Dataset entries
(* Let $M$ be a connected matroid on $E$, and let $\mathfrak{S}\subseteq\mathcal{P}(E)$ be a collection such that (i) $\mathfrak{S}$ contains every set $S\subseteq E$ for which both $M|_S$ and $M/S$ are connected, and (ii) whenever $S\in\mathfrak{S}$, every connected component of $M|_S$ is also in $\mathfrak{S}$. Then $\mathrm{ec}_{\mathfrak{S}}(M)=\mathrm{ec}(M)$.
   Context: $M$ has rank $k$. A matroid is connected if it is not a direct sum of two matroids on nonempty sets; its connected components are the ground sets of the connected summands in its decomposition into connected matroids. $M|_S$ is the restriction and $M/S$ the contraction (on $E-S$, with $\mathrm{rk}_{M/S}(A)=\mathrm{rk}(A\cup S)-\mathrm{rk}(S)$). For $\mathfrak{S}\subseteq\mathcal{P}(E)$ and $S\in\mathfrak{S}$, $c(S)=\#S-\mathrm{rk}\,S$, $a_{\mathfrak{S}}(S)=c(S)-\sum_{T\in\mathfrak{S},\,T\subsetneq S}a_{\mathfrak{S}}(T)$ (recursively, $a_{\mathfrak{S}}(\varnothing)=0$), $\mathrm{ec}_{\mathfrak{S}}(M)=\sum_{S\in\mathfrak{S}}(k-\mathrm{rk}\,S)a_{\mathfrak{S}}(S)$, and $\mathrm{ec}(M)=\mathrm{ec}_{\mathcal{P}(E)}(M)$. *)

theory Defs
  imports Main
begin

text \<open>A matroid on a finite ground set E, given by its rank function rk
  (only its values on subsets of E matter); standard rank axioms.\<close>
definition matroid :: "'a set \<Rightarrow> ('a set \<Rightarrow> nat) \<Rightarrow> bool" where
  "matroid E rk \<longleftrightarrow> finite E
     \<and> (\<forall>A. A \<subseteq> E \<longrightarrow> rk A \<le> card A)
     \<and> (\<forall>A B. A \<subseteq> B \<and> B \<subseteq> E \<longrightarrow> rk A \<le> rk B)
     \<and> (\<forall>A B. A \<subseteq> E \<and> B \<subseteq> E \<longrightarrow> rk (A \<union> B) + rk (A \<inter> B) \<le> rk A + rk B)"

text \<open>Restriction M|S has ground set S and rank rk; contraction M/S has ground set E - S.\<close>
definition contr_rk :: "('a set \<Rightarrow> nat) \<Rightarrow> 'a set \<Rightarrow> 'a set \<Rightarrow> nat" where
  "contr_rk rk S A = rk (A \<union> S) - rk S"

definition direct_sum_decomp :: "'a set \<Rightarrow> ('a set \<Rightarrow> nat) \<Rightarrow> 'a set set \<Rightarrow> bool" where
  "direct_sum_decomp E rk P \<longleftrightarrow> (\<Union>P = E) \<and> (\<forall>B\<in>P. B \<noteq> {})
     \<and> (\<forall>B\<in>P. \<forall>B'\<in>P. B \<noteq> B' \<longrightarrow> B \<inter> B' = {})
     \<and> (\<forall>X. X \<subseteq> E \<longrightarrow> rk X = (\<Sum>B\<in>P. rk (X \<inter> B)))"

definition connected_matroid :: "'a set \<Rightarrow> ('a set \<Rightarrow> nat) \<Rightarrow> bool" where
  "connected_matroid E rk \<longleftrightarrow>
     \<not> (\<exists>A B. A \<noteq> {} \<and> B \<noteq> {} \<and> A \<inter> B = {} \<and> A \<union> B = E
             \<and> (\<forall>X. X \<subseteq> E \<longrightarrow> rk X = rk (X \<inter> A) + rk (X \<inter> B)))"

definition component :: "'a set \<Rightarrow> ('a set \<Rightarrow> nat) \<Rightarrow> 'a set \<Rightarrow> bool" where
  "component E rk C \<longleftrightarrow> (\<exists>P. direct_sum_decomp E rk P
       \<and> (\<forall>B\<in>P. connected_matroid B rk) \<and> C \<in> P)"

...

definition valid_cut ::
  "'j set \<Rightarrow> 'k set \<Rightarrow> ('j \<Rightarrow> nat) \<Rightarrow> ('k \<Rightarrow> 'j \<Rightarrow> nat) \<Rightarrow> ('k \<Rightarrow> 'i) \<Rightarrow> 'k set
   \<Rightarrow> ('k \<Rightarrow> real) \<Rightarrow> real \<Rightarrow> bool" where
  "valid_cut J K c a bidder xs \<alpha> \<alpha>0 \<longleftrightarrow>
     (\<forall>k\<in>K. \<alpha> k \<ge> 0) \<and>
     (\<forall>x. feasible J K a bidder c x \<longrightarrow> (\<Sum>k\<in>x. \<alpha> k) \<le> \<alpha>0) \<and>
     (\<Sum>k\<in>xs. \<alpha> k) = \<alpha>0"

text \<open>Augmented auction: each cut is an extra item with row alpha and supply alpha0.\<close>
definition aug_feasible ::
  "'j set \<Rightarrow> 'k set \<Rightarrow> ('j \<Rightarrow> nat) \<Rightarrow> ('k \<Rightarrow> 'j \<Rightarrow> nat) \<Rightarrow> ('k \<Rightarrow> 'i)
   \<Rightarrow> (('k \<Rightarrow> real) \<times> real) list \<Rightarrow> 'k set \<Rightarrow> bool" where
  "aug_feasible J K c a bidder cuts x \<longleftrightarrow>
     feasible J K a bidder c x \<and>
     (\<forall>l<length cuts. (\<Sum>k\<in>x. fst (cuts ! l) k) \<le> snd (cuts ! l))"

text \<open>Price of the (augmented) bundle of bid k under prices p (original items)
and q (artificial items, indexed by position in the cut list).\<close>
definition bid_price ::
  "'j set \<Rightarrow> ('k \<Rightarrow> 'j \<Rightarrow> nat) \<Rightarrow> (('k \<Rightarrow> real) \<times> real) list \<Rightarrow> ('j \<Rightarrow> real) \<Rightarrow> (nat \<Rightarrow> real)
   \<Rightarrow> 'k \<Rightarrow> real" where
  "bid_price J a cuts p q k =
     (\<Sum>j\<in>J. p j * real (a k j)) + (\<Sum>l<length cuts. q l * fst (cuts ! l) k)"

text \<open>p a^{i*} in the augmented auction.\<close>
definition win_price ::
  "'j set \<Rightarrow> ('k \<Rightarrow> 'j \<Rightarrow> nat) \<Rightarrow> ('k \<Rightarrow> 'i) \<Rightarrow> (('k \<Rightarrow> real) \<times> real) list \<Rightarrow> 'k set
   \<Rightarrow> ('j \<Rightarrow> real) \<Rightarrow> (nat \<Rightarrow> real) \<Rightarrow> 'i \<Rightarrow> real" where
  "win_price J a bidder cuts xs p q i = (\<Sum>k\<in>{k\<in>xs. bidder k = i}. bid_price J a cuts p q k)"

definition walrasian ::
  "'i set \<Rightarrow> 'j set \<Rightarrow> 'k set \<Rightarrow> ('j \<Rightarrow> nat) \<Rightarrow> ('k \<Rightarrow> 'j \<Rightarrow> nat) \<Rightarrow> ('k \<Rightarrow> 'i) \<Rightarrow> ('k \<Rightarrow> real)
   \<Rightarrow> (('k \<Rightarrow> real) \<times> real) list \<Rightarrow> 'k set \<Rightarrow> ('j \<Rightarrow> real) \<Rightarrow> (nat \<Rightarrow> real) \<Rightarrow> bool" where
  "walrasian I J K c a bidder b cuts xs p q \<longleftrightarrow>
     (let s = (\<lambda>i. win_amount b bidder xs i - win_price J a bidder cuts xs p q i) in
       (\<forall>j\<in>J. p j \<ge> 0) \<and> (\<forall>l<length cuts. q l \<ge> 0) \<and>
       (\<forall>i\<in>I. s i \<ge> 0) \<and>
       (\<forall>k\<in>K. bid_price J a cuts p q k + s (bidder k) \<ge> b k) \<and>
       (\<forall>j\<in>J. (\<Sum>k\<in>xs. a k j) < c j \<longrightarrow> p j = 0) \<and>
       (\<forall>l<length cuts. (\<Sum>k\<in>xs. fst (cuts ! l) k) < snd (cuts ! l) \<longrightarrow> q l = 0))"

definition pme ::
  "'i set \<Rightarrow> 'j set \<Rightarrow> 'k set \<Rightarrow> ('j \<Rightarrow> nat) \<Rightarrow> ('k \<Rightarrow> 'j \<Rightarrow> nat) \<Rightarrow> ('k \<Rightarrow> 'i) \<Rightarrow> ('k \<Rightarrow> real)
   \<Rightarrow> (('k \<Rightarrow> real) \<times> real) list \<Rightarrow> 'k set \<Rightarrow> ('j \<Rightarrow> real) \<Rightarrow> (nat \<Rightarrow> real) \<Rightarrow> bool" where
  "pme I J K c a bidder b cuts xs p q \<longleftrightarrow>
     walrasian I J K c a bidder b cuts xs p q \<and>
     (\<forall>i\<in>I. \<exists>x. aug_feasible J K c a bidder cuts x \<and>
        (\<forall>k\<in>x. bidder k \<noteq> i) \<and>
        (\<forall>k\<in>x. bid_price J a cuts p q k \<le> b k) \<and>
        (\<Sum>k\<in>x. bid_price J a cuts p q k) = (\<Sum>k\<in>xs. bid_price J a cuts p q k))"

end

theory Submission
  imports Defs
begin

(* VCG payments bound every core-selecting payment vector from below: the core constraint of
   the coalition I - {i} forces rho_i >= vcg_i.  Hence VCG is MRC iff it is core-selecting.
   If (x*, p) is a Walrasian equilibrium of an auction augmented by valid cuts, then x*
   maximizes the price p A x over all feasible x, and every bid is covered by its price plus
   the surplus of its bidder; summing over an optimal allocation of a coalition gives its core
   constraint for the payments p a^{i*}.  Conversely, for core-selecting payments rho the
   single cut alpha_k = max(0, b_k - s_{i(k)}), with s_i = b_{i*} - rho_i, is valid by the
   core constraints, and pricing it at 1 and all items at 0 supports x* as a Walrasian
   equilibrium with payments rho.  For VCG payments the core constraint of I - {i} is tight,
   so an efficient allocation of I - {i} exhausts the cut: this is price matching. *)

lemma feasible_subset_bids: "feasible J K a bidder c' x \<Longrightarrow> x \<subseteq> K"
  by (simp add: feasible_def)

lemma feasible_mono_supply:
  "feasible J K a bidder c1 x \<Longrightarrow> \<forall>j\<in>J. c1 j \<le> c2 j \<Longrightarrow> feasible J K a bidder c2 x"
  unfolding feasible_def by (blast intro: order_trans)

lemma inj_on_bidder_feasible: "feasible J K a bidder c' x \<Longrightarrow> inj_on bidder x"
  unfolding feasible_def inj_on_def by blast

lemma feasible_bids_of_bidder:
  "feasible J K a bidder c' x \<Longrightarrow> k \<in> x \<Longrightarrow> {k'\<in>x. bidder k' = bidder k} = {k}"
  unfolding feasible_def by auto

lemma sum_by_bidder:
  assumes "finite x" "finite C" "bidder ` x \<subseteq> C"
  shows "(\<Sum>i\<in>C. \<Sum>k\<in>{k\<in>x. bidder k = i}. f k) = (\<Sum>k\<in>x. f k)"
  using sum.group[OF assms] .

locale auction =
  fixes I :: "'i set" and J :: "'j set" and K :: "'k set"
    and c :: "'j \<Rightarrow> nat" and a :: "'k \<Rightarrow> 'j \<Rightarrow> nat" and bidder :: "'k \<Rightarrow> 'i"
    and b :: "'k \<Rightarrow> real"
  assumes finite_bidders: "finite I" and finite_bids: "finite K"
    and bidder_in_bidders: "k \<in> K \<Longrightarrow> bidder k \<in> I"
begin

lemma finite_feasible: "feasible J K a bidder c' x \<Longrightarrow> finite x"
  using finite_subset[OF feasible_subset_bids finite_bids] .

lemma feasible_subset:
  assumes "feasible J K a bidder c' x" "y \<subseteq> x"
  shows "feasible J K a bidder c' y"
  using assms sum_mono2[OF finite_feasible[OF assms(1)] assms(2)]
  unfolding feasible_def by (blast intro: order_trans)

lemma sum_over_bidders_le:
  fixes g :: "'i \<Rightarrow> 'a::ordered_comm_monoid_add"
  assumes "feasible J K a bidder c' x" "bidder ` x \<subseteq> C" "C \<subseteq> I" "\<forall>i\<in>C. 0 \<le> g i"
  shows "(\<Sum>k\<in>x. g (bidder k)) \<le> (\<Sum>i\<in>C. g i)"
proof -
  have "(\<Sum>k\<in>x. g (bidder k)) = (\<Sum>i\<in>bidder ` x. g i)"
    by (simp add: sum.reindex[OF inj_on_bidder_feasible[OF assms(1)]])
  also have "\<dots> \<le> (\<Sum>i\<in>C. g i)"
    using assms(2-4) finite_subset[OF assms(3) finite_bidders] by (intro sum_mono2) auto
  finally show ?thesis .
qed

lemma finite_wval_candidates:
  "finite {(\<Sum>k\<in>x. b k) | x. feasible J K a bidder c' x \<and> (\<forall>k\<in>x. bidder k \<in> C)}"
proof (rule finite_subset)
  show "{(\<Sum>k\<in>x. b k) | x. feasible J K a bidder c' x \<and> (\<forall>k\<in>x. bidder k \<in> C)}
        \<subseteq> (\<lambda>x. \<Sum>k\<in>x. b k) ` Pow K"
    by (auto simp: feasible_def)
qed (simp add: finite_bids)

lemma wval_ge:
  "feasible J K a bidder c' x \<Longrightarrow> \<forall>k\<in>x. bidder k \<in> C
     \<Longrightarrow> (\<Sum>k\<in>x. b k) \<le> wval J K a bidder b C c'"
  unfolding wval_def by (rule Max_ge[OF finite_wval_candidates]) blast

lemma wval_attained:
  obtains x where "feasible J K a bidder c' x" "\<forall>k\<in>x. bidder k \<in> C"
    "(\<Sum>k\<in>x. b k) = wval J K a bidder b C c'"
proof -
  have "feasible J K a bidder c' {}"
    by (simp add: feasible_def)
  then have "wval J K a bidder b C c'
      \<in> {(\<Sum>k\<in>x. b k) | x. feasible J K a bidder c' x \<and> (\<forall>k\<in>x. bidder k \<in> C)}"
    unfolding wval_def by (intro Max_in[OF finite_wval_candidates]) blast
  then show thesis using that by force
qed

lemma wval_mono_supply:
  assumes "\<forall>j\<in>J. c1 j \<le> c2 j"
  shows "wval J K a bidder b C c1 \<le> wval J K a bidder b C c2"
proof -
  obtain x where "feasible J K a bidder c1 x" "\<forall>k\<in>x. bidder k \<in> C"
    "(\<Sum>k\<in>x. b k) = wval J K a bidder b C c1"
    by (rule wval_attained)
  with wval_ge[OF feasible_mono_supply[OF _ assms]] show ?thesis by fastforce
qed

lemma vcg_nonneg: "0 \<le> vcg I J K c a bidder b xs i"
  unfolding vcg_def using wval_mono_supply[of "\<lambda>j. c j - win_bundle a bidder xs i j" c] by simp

Action item
On how many lines of the data does the word "times" appear? Only the number is wanted.

Worked solution
5